(ORDO NEWS) — Deprived of their favorite food source (bananas, peanuts and other goodies) that tourists usually bring with them, hungry monkeys in Bali began to raid villagers’ homes in search of food.
Locals say that gray long-tailed macaques came out of the sanctuary about 500 meters away to walk on the rooftops and wait for the right time to come down and have a bite. Hungry monkeys dive down and snatch food from the villagers.
People worried that the raids would escalate into an all-out monkey attack on the village, residents took food to the Sangeh Monkey Forest to try to calm the primates.

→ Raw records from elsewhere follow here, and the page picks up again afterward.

lemma phiw_smul_Cons_apply:
  "phiw (smul t x) (i # \<eta>) e w =
     pre i (phiw (smul t x) \<eta> e) w + pre 0 (ssh (comp i x) (\<lambda>v. t * phiw (smul t x) \<eta> e v)) w"
proof -
  have "ssh (comp i (smul t x)) f = ssh (comp i x) (\<lambda>v. t * f v)" for f
    by (rule ext) (simp add: comp_smul ssh_mult_left ssh_mult_right)
  then show ?thesis by (simp only: phiw_Cons_apply)
qed

lemma phiw_zero: "phiw (0 :: 'a::comm_ring_1 vser) \<eta> (chr []) = chr \<eta>"
proof (induction \<eta>)
  case (Cons i \<eta>)
  have comp_zero: "comp i (\<lambda>w j. 0 :: 'a) = (\<lambda>u. 0)"
    by (simp add: fun_eq_iff Defs.comp_def)
  show ?case
    using Cons.IH by (simp add: comp_zero fun_eq_iff phi1_def chr_Cons pre_def split: list.split)
qed simp

lemma wpl_Cons_apply:
  "wpl x (i # \<eta>) w = pre i (wpl x \<eta>) w + pre 0 (ssh (comp i x) (chr \<eta>)) w"
  by (cases w) (auto simp: ssh_commute)

context
  fixes x :: "'a::real_normed_field vser" and m :: nat and B M A :: real
  assumes x: "coeff_le m B M x" and B: "0 \<le> B" and M: "0 < M"
    and A: "2 * M \<le> A" "1 + 2 * B \<le> A"
begin

lemma A_ge_1: "1 \<le> A"
  using A B by simp

lemma norm_le_env_recursive:
  fixes F G :: "nat list \<Rightarrow> 'a sser"
  assumes s: "0 \<le> s"
    and F_Nil: "\<And>w. norm (F [] w) \<le> s * env m A 0 w"
    and F_Cons: "\<And>i \<eta> w. F (i # \<eta>) w = pre i (F \<eta>) w + pre 0 (ssh (comp i x) (G \<eta>)) w"
    and G: "\<And>\<eta> v. set \<eta> \<subseteq> {0..m} \<Longrightarrow> (\<And>w. norm (F \<eta> w) \<le> s * env m A (length \<eta>) w) \<Longrightarrow>
              norm (G \<eta> v) \<le> s * env m A (length \<eta>) v"
    and \<eta>: "set \<eta> \<subseteq> {0..m}"
  shows "norm (F \<eta> w) \<le> s * env m A (length \<eta>) w"
  using \<eta>
proof (induction \<eta> arbitrary: w)
  case Nil
  then show ?case using F_Nil by simp
next
  case (Cons i \<eta>)
  then have i: "i \<le> m" and \<eta>: "set \<eta> \<subseteq> {0..m}" by auto
  show ?case
    unfolding F_Cons length_Cons
    by (rule norm_pre_ssh_le[OF i M B A s norm_comp_le[OF x i B M]])
      (use Cons.IH G[OF \<eta>] \<eta> in auto)
qed

lemma norm_phiw_le:
  assumes t: "norm t \<le> 1" and \<eta>: "set \<eta> \<subseteq> {0..m}"
  shows "norm (phiw (smul t x) \<eta> (chr []) w) \<le> env m A (length \<eta>) w"
proof -
  have "norm (phiw (smul t x) \<eta> (chr []) w) \<le> 1 * env m A (length \<eta>) w"
  proof (rule norm_le_env_recursive[where F = "\<lambda>\<eta>. phiw (smul t x) \<eta> (chr [])"
        and G = "\<lambda>\<eta> v. t * phiw (smul t x) \<eta> (chr []) v", OF _ _ phiw_smul_Cons_apply _ \<eta>])
    show "norm (phiw (smul t x) [] (chr []) w) \<le> 1 * env m A 0 w" for w
      using A_ge_1 by (simp add: chr_def env_def)
    show "norm (t * phiw (smul t x) \<eta>' (chr []) v) \<le> 1 * env m A (length \<eta>') v"
      if "\<And>w. norm (phiw (smul t x) \<eta>' (chr []) w) \<le> 1 * env m A (length \<eta>') w" for \<eta>' v
      using mult_mono[OF t that[of v]] by (simp add: norm_mult)
  qed simp
  then show ?thesis by simp
qed

lemma norm_phiw_sub_chr_le:
  assumes t: "norm t \<le> 1" and \<eta>: "set \<eta> \<subseteq> {0..m}"
  shows "norm (phiw (smul t x) \<eta> (chr []) w - chr \<eta> w) \<le> norm t * env m A (length \<eta>) w"
proof (rule norm_le_env_recursive[where F = "\<lambda>\<eta> v. phiw (smul t x) \<eta> (chr []) v - chr \<eta> v"
      and G = "\<lambda>\<eta> v. t * phiw (smul t x) \<eta> (chr []) v", OF _ _ _ _ \<eta>])
  show "phiw (smul t x) (i # \<eta>') (chr []) w - chr (i # \<eta>') w =
      pre i (\<lambda>v. phiw (smul t x) \<eta>' (chr []) v - chr \<eta>' v) w
      + pre 0 (ssh (comp i x) (\<lambda>v. t * phiw (smul t x) \<eta>' (chr []) v)) w" for i \<eta>' w
    unfolding phiw_smul_Cons_apply chr_Cons by (cases w) auto
  show "norm (t * phiw (smul t x) \<eta>' (chr []) v) \<le> norm t * env m A (length \<eta>') v"
    if "set \<eta>' \<subseteq> {0..m}" for \<eta>' v
    using norm_phiw_le[OF t that] by (simp add: norm_mult mult_left_mono)
qed (use A_ge_1 in \<open>simp_all add: env_nonneg\<close>)

lemma norm_phiw_remainder_le:
  assumes t: "norm t \<le> 1" and \<eta>: "set \<eta> \<subseteq> {0..m}"
  shows "norm (phiw (smul t x) \<eta> (chr []) w - chr \<eta> w - t * wpl x \<eta> w)
    \<le> norm t ^ 2 * env m A (length \<eta>) w"
proof (rule norm_le_env_recursive[where F = "\<lambda>\<eta> v. phiw (smul t x) \<eta> (chr []) v - chr \<eta> v - t * wpl x \<eta> v"
      and G = "\<lambda>\<eta> v. t * (phiw (smul t x) \<eta> (chr []) v - chr \<eta> v)", OF _ _ _ _ \<eta>])
  show "phiw (smul t x) (i # \<eta>') (chr []) w - chr (i # \<eta>') w - t * wpl x (i # \<eta>') w =
      pre i (\<lambda>v. phiw (smul t x) \<eta>' (chr []) v - chr \<eta>' v - t * wpl x \<eta>' v) w
      + pre 0 (ssh (comp i x) (\<lambda>v. t * (phiw (smul t x) \<eta>' (chr []) v - chr \<eta>' v))) w"
    for i \<eta>' w
    unfolding phiw_smul_Cons_apply chr_Cons wpl_Cons_apply
    by (cases w) (auto simp: ssh_mult_right ssh_diff_right algebra_simps)
  show "norm (t * (phiw (smul t x) \<eta>' (chr []) v - chr \<eta>' v)) \<le> norm t ^ 2 * env m A (length \<eta>') v"
    if "set \<eta>' \<subseteq> {0..m}" for \<eta>' v
    using norm_phiw_sub_chr_le[OF t that]
    by (simp add: norm_mult mult_left_mono power2_eq_square mult.assoc)
qed (use A_ge_1 in \<open>simp_all add: env_nonneg\<close>)

lemma norm_phiw_remainder_quotient_le:
  assumes t: "t \<noteq> 0" "norm t \<le> 1" and \<eta>: "set \<eta> \<subseteq> {0..m}"
  shows "norm (inverse t * (phiw (smul t x) \<eta> (chr []) w - chr \<eta> w - t * wpl x \<eta> w))
    \<le> norm t * env m A (length \<eta>) w"
proof -
  have "norm (inverse t * (phiw (smul t x) \<eta> (chr []) w - chr \<eta> w - t * wpl x \<eta> w))
      \<le> inverse (norm t) * (norm t ^ 2 * env m A (length \<eta>) w)"
    unfolding norm_mult norm_inverse
    by (intro mult_left_mono norm_phiw_remainder_le[OF t(2) \<eta>]) auto
  also have "\<dots> = norm t * env m A (length \<eta>) w"
    using t(1) by (simp add: power2_eq_square)
  finally show ?thesis .
qed

lemma norm_wpl_le:
  assumes \<eta>: "set \<eta> \<subseteq> {0..m}"
  shows "norm (wpl x \<eta> w) \<le> 2 * env m A (length \<eta>) w"
proof -
  have "smul 1 x = x" by (simp add: smul_def)
  then have "norm (phiw x \<eta> (chr []) w - chr \<eta> w) \<le> env m A (length \<eta>) w"
    and "norm (phiw x \<eta> (chr []) w - chr \<eta> w - wpl x \<eta> w) \<le> env m A (length \<eta>) w"
    using norm_phiw_sub_chr_le[of 1 \<eta> w] norm_phiw_remainder_le[of 1 \<eta> w] \<eta> by simp_all
  then show ?thesis
    using norm_triangle_ineq4[of "phiw x \<eta> (chr []) w - chr \<eta> w" "phiw x \<eta> (chr []) w - chr \<eta> w - wpl x \<eta> w"]
    by simp
qed

end
section \<open>Coefficient bounds and the steps \<open>E\<^sub>M\<close>\<close>

lemma coeff_leI:
  assumes "\<And>w i. set w \<subseteq> {0..m} \<Longrightarrow> i \<in> {1..m} \<Longrightarrow> norm (c w i) \<le> K * M ^ length w * fact (length w)"
    and "\<And>w i. \<not> (set w \<subseteq> {0..m} \<and> i \<in> {1..m}) \<Longrightarrow> c w i = 0"
  shows "coeff_le m K M c"
  using assms unfolding coeff_le_def by auto

lemma coeff_leD:
  assumes "coeff_le m K M c"
  shows "set w \<subseteq> {0..m} \<Longrightarrow> i \<in> {1..m} \<Longrightarrow> norm (c w i) \<le> K * M ^ length w * fact (length w)"
    and "\<not> (set w \<subseteq> {0..m} \<and> i \<in> {1..m}) \<Longrightarrow> c w i = 0"
  using assms[unfolded coeff_le_def, rule_format, of w i] by (auto split: if_split_asm)

lemma coeff_le_EM:
  assumes R: "0 < R" and C: "0 \<le> C" and z: "coeff_le m C R z"
  shows "z \<in> EM m R" and "snorm R z \<le> C"
proof -
  have pos: "0 < R ^ length w * fact (length w)" for w
    using R by simp
  have bound: "norm (z w i) \<le> C * R ^ length w * fact (length w)" for w i
    using coeff_leD[OF z, of w i] C R by (cases "set w \<subseteq> {0..m} \<and> i \<in> {1..m}") auto
  have "z \<in> ser m"
    unfolding ser_def using coeff_leD(2)[OF z] by blast
  with bound show "z \<in> EM m R"
    unfolding EM_def growth_bdd_def by blast
  show "snorm R z \<le> C"
    unfolding snorm_def
  proof (rule cSup_least)
    fix r assume "r \<in> {norm (z w i) / (R ^ length w * fact (length w)) |w i. True}"
    then obtain w i where "r = norm (z w i) / (R ^ length w * fact (length w))" by blast
    then show "r \<le> C" using bound[of w i] pos[of w] by (simp add: divide_le_eq mult.assoc)
  qed blast
qed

“We are afraid that the hungry monkeys will become wild and vicious,” said one of the local residents.
About 600 sacred macaques live in a forest reserve, swinging in trees and jumping around the famous Pura Bukit Sari temple.
Tourism is the main source of income for the four million people in Bali, who hosted more than five million foreign visitors every year before the pandemic.
The Sangeh Monkey Forest averaged about 6,000 visitors a month, but as the pandemic spread last year and international travel plummeted, that number dropped to about 500.
Since July of this year, Indonesia has banned foreign tourists from visiting the island and closed the sanctuary to local residents. The reserve has lost its income and now it runs out of money to buy food for the monkeys.
Donations from the villagers helped a little, but they are also feeling the economic downturn and are gradually giving less and less food.